Great high-energy presentations from Honored Guests Andrea Hairston and Ada Palmer. This year I got to the late night comedy "liars' panel" (improv tall tales in response to moderator questions) which was a hoot.

I was on three program items. The early Saturday morning panel on Faust and his literary offspring had great attendance (given the time) and (if I may say so) great synergy among the panelists. We talked about the various versions of the Faust story itself, its uses in other works, what the parameters of a "Faust-type story" might be, and what the various versions of the story say about attitudes towards knowledge and/or pleasure. Was Faust the hero of his own story? And in the end was he damned or redeemed?

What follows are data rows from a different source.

(* In the two-player, two-item all-pay auction with budgets described in the context, the marginal strategies $F_{1j},F_{2j}$ induced on an item $j$ by a Nash equilibrium of the two-item game need not constitute a Nash equilibrium of the single-item game on item $j$ (the single-item all-pay auction with budgets $B_1,B_2$, valuations $v_{1j},v_{2j}$, and the same tie-breaking rule). That is, there exist a two-item game, a Nash equilibrium of it, and an item $j\in\{1,2\}$ for which the induced marginals on item $j$ are not a Nash equilibrium of that single-item game.
   Context: Multi-item all-pay auction with budgets. Two players $i\in\{1,2\}$ ($-i$ is the opponent of $i$) and $n$ items $j\in\{1,\dots,n\}$. Player $i$ has budget $B_i\ge0$ and values item $j$ at $v_{ij}>0$. A pure strategy of player $i$ is a vector $(x_{i1},\dots,x_{in})$ with all $x_{ij}\ge0$ and $\sum_j x_{ij}\le B_i$; a mixed strategy is a probability distribution over this set, and $F_{ij}$ denotes its marginal distribution on item $j$. On each item $j$ the higher bid wins the item. Tie-breaking on item $j$: if $x_{1j}=x_{2j}=\min\{B_1,B_2,v_{1j},v_{2j}\}$ and $\min\{B_i,v_{ij}\}>\min\{B_{-i},v_{-ij}\}$ for some $i$, then player $i$ wins item $j$; in all other ties each player wins item $j$ with probability $\frac12$. Player $i$'s utility on item $j$ is $v_{ij}-x_{ij}$ if he wins it and $-x_{ij}$ otherwise, and his total utility is the sum over items. A Nash equilibrium is a pair of mixed strategies in which each player's strategy maximizes his expected total utility against the other's, over all mixed strategies satisfying his budget constraint. The single-item game on item $j$ is the case $n=1$ with valuations $v_{1j},v_{2j}$ and budgets $B_1,B_2$ (pure strategies are bids in $[0,B_i]$). Here $n=2$. *)

theory Defs
  imports "HOL-Probability.Probability"
begin
lemma norm_tpair_split_le:
  assumes entries: "\<And>i j k l. i < n \<Longrightarrow> j < n \<Longrightarrow> k < n \<Longrightarrow> l < n \<Longrightarrow> cmod (T i j k l) \<le> m"
    and split: "x = (\<lambda>i. x' i + x'' i)" "y = (\<lambda>i. y' i + y'' i)"
      "u = (\<lambda>i. u' i + u'' i)" "v = (\<lambda>i. v' i + v'' i)"
    and small: "l1 n x'' \<le> \<beta>" "l1 n y'' \<le> \<beta>" "l1 n u'' \<le> \<beta>" "l1 n v'' \<le> \<beta>"
    and bounded: "l1 n x' \<le> L" "l1 n y' \<le> L" "l1 n u' \<le> L" "l1 n y \<le> L" "l1 n u \<le> L" "l1 n v \<le> L"
    and "0 \<le> m"
  shows "cmod (tpair n T x y u v) \<le> cmod (tpair n T x' y' u' v') + 4 * (m * (\<beta> * L * L * L))"
proof -
  have each: "cmod (tpair n T a b c d) \<le> m * (A * B * C * D)"
    if "l1 n a \<le> A" "l1 n b \<le> B" "l1 n c \<le> C" "l1 n d \<le> D" for a b c d A B C D
  proof -
    have "l1 n a * l1 n b * l1 n c * l1 n d \<le> A * B * C * D"
      using that by (intro mult_mono_4) (auto simp: l1_nonneg)
    then show ?thesis
      using norm_tpair_le_l1[OF entries, where x = a and y = b and u = c and v = d] \<open>0 \<le> m\<close> mult_left_mono by fastforce
  qed
  have "cmod (tpair n T x y u v) \<le> cmod (tpair n T x' y' u' v') + cmod (tpair n T x'' y u v)
      + cmod (tpair n T x' y'' u v) + cmod (tpair n T x' y' u'' v) + cmod (tpair n T x' y' u' v'')"
    unfolding tpair_split[OF split, of n T] by (intro norm_triangle_le add_mono order_refl norm_triangle_ineq)
  also have "\<dots> \<le> cmod (tpair n T x' y' u' v') + m * (\<beta> * L * L * L) + m * (L * \<beta> * L * L)
      + m * (L * L * \<beta> * L) + m * (L * L * L * \<beta>)"
    using small bounded by (intro add_mono order_refl each)
  finally show ?thesis
    by (simp add: algebra_simps)
qed
(* Everything is done on matrix elements in the orthonormal sigma^z basis.
   1. A matrix element of the partial monodromy L_k(z/inh k) ... L_1(z/inh 1) between two
      basis configurations S, T factors through a scalar recursion (mono_entry) built from
      the single-site matrix elements of the Lax operator (lax_entry).
   2. The Lax operator satisfies the local RLL relation with the six-vertex R-matrix; by
      induction over the sites the monodromy satisfies the RTT relation.  Four components of
      RTT show that T(l) and T(m) commute as soon as R(l/m) is non-degenerate, i.e. for all
      but finitely many l.
   3. The matrix elements of T(l) T(m) - T(m) T(l) are holomorphic in l on C - {0}, so by
      analytic continuation T(l) and T(m) commute for all l, m <> 0.
   4. In each regime the Lax operator has a site-wise conjugation symmetry which lifts to
      T(z)^* = +-T(z') for an explicit z'.  Normality follows from step 3; self-adjointness
      follows from z' = z (massless regime), resp. z' = -z together with the parity
      T(-z) = (-1)^(N+1) T(z) (massive regime). *)


definition lax_entry :: "complex \<Rightarrow> complex \<Rightarrow> nat \<Rightarrow> nat \<Rightarrow> bool \<Rightarrow> bool \<Rightarrow> complex" where
  "lax_entry q w a b s t =
    (if a = 0 \<and> b = 0 then x_plus q w * (if s = t then 1 else 0) + x_minus q w * sigma_z s t
     else if a = 0 \<and> b = 1 then (q - inverse q) * sigma_minus s t
     else if a = 1 \<and> b = 0 then (q - inverse q) * sigma_plus s t
     else if a = 1 \<and> b = 1 then x_plus q w * (if s = t then 1 else 0) - x_minus q w * sigma_z s t
     else 0)"
lemma ricker_row_sum_uniform_bound:
  fixes a p lo hi :: real
  assumes a: "0 \<le> a" "a < 1" and p: "0 < p" and hi: "hi < 1"
    and lo: "max (1 - 2 / (p * (1 + a))) 0 < lo"
  obtains L where "L < 1"
    "\<And>al. lo < al \<Longrightarrow> al < hi \<Longrightarrow> \<bar>1 - (1 - al) * p\<bar> + \<bar>- a * (1 - al) * p\<bar> \<le> L"
proof
  define L where "L = max (1 - (1 - a) * (1 - hi) * p) ((1 + a) * (1 - lo) * p - 1)"
  have "0 < (1 - a) * (1 - hi) * p"
    using a hi p by simp
  moreover have "1 - lo < 2 / (p * (1 + a))"
    using lo by simp
  then have "(1 - lo) * (p * (1 + a)) < 2"
    using a p by (simp add: less_divide_eq)
  ultimately show "L < 1"
    unfolding L_def by (simp add: algebra_simps)
  fix al
  assume al: "lo < al" "al < hi"
  have c: "0 \<le> 1 - al"
    using al hi by simp
  have "\<bar>- a * (1 - al) * p\<bar> = a * (1 - al) * p"
    using a c p by (simp add: abs_mult)
  moreover have "(1 - a) * (1 - hi) * p \<le> (1 - a) * (1 - al) * p"
    using a al p by (intro mult_right_mono mult_left_mono) simp_all
  moreover have "(1 + a) * (1 - al) * p \<le> (1 + a) * (1 - lo) * p"
    using a al p by (intro mult_right_mono mult_left_mono) simp_all
  ultimately show "\<bar>1 - (1 - al) * p\<bar> + \<bar>- a * (1 - al) * p\<bar> \<le> L"
    unfolding L_def by (cases "(1 - al) * p \<le> 1") (simp_all add: algebra_simps)
qed

lemma jac_infnorm_uniformly_contracting:
  assumes ab: "0 < a" "a < 1" "0 < b" "b < 1" and rs: "a * s < r" "b * r < s"
    and alpha: "\<And>n. al_lo < alpha n" "\<And>n. alpha n < al_hi" "al_hi < 1"
      "max (1 - 2 / (eq_p a b r s * (1 + a))) 0 < al_lo"
    and beta: "\<And>n. be_lo < beta n" "\<And>n. beta n < be_hi" "be_hi < 1"
      "max (1 - 2 / (eq_q a b r s * (1 + b))) 0 < be_lo"
  obtains lam where "0 \<le> lam" "lam < 1"
    "\<And>n x. infnorm (jac a b r s (alpha n) (beta n) *v x) \<le> lam * infnorm x"
proof -
  have "a * b < 1"
    using ab mult_strict_mono[of a 1 b 1] by simp
  note pq = eq_p_eq_q_pos[OF this rs]
  obtain L1 where L1: "L1 < 1" "\<And>al. al_lo < al \<Longrightarrow> al < al_hi \<Longrightarrow>
      \<bar>1 - (1 - al) * eq_p a b r s\<bar> + \<bar>- a * (1 - al) * eq_p a b r s\<bar> \<le> L1"
    using ricker_row_sum_uniform_bound[OF _ ab(2) pq(1) alpha(3,4)] ab(1) by auto
  obtain L2 where L2: "L2 < 1" "\<And>be. be_lo < be \<Longrightarrow> be < be_hi \<Longrightarrow>
      \<bar>1 - (1 - be) * eq_q a b r s\<bar> + \<bar>- b * (1 - be) * eq_q a b r s\<bar> \<le> L2"
    using ricker_row_sum_uniform_bound[OF _ ab(4) pq(2) beta(3,4)] ab(3) by auto
  show thesis
  proof
    show "0 \<le> max (max L1 L2) 0" "max (max L1 L2) 0 < 1"
      using L1(1) L2(1) by simp_all
    show "infnorm (jac a b r s (alpha n) (beta n) *v x) \<le> max (max L1 L2) 0 * infnorm x" for n x
    proof (rule infnorm_matrix_vector_mult_le)
      show "(\<Sum>j\<in>UNIV. \<bar>jac a b r s (alpha n) (beta n) $ i $ j\<bar>) \<le> max (max L1 L2) 0" for i
        using L1(2)[OF alpha(1,2), of n] L2(2)[OF beta(1,2), of n] exhaust_2[of i]
        by (auto simp: jac_def Let_def sum_2 add.commute le_max_iff_disj)
    qed
  qed
qed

My first panel, on Friday afternoon, was on meta-fiction: the use of narrative within the narrative, or of cross-boundary interactions between audience, author, and content. Lots of examples of different types of meta-fictions (including a discussion of whether 1st and 2nd person narrativion is itself inherently a meta-narrative). I got to talk a little bit about meta-narrative in Mother of Souls and how the creation of the Tanfrit opera enabled the characters to critique and analyze their attitudes towards their own invisible character arcs.

My third panel was a fairly open-ended discussion on the romance genre as an antidote to the despair of living in a dystopic society. (It was one of two romance panels, the other being the somewhat misleadingly named "Bonkers Romance" talking about plots and tropes that would be hard to get away with anywhere other than that genre. I was in the audience for that one and got to hear my own books being recommended--in all sincerity since the recommender hadn't connected them with me!) I did feel a bit out of place on occasion in the "Romance for the End of the World" panel because the discussion routinely slipped into the assumption that every romance plot has a man in it somewhere (either as m/f or m/m), as well as a regular conflation of romance with erotica. Still a fun discussion, just occasionally a bit alienating.

I've kept meaning to volunteer to be more involved in the running of FOGCon, and since they put out a plea for more people to get involved at the closing roundup, I put my metaphorical hand up once more. (I triedt to volunteer a few years ago and nothing came of it, but they may have had plenty of people back then.)

And then here I am back home, with no jet lag and another hour of daylight.